■ What you have to do: Copy out exactly the lines below that run from the one holding "to \<open>n\<close> carry no" to the one holding "weight there and", keeping both of those lines and no others.
##### Dataset entries #####
(* Let $f:\mathbb{R}\to\mathbb{R}$ be continuous and monotonic. Then $L_f^\infty$ is a $G_\delta$ set of Lebesgue measure zero. Conversely, if $E\subset\mathbb{R}$ is a $G_\delta$ set of Lebesgue measure zero, then there exists a continuous monotonic function $f:\mathbb{R}\to\mathbb{R}$ such that $L_f^\infty=E$ and $l_f^\infty=\emptyset$; moreover, $f$ can be chosen so that in addition $\operatorname{lip} f(x)=0$ for all $x\in E$.
   Context: For a continuous $f:\mathbb{R}\to\mathbb{R}$, $x\in\mathbb{R}$ and $r>0$, let $M_f(x,r)=\sup\{|f(x)-f(y)|/r : |x-y|\le r\}$. Define $\operatorname{Lip} f(x)=\limsup_{r\to0^+}M_f(x,r)$ and $\operatorname{lip} f(x)=\liminf_{r\to0^+}M_f(x,r)$ (values in $[0,\infty]$). Let $L_f^\infty=\{x\in\mathbb{R}:\operatorname{Lip} f(x)=\infty\}$ and $l_f^\infty=\{x\in\mathbb{R}:\operatorname{lip} f(x)=\infty\}$. *)

theory Defs
  imports "HOL-Analysis.Analysis"
begin

definition Mf :: "(real \<Rightarrow> real) \<Rightarrow> real \<Rightarrow> real \<Rightarrow> ereal" where
  "Mf f x r = (SUP y\<in>{y. \<bar>x - y\<bar> \<le> r}. ereal (\<bar>f x - f y\<bar> / r))"

definition Lip_upper :: "(real \<Rightarrow> real) \<Rightarrow> real \<Rightarrow> ereal" where
  "Lip_upper f x = Limsup (at_right 0) (\<lambda>r. Mf f x r)"

definition lip_lower :: "(real \<Rightarrow> real) \<Rightarrow> real \<Rightarrow> ereal" where
  "lip_lower f x = Liminf (at_right 0) (\<lambda>r. Mf f x r)"

definition L_inf :: "(real \<Rightarrow> real) \<Rightarrow> real set" where
  "L_inf f = {x. Lip_upper f x = \<infinity>}"

definition l_inf :: "(real \<Rightarrow> real) \<Rightarrow> real set" where
  "l_inf f = {x. lip_lower f x = \<infinity>}"

end

theory Submission
  imports Defs
begin

text \<open>
  For monotone \<open>f\<close> the supremum \<open>M_f(x, r)\<close> is attained at \<open>x \<plusminus> r\<close>, so it is continuous in \<open>x\<close>
  when \<open>f\<close> is, and \<open>L_f^\<infinity> = (\<Inter>n. \<Union>r < 1/n. {x. M_f(x, r) > n})\<close> is a \<open>G\<^sub>\<delta>\<close> set. By the
  Vitali covering theorem, \<open>L_f^\<infinity> \<inter> (-R, R)\<close> is covered, up to a null set, by disjoint
  intervals \<open>(x - r, x + r]\<close> on which \<open>f\<close> increases by more than \<open>M r\<close>; their total length is
  at most \<open>2 (f(R + 1) - f(-R - 1)) / M\<close>, for every \<open>M\<close>.

  Conversely, write \<open>E = (\<Inter>m. G m)\<close> with decreasing open sets \<open>G m\<close>, where \<open>G (m + 1)\<close> has measure
  at most \<open>\<epsilon> (m + 1)\<close> and is so thin near the complement of \<open>G m\<close> that it meets every interval
  of radius \<open>\<rho>\<close> within \<open>5 \<rho>\<close> of that complement in measure at most \<open>\<epsilon> (m + 1) \<rho>\<close>. Let
  \<open>F x = (\<Sum>m. a m |(G m - G (m + 1)) \<inter> (-\<infinity>, x]|)\<close> with \<open>a m = m\<close> for odd and \<open>0\<close> for even \<open>m\<close>;
  the choice \<open>\<epsilon> m = 4^-m / (m + 1)\<close> makes \<open>a m \<epsilon> m \<le> 4^-m\<close>, so \<open>F\<close> is continuous. A point
  outside \<open>E\<close> leaves some \<open>G N\<close>, beyond which all layers are thin around it, so its slopes stay
  bounded. For \<open>x \<in> E\<close> and \<open>r = d(x, -G n) / 4\<close> the interval \<open>(x - r, x + r]\<close> lies in \<open>G n\<close> within
  \<open>4 r\<close> of its complement, hence mostly in the layer \<open>G n - G (n + 1)\<close>: the slope is at least
  \<open>n / 2\<close> for odd \<open>n\<close>, and at most \<open>2^(1-n)\<close> for even \<open>n\<close>, since the layers up to \<open>n\<close> carry no
  weight there and the deeper ones are thin. As \<open>r \<rightarrow> 0\<close> when \<open>n \<rightarrow> \<infinity>\<close>, this gives
  \<open>Lip F x = \<infinity>\<close> and \<open>lip F x = 0\<close>.
\<close>

section \<open>The slope quotient of a monotone function\<close>

definition max_slope :: "(real \<Rightarrow> real) \<Rightarrow> real \<Rightarrow> real \<Rightarrow> real" where
  "max_slope f x r = max (f (x + r) - f x) (f x - f (x - r)) / r"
#####
■ Solution to the exercise:
  \<open>n / 2\<close> for odd \<open>n\<close>, and at most \<open>2^(1-n)\<close> for even \<open>n\<close>, since the layers up to \<open>n\<close> carry no
  weight there and the deeper ones are thin. As \<open>r \<rightarrow> 0\<close> when \<open>n \<rightarrow> \<infinity>\<close>, this gives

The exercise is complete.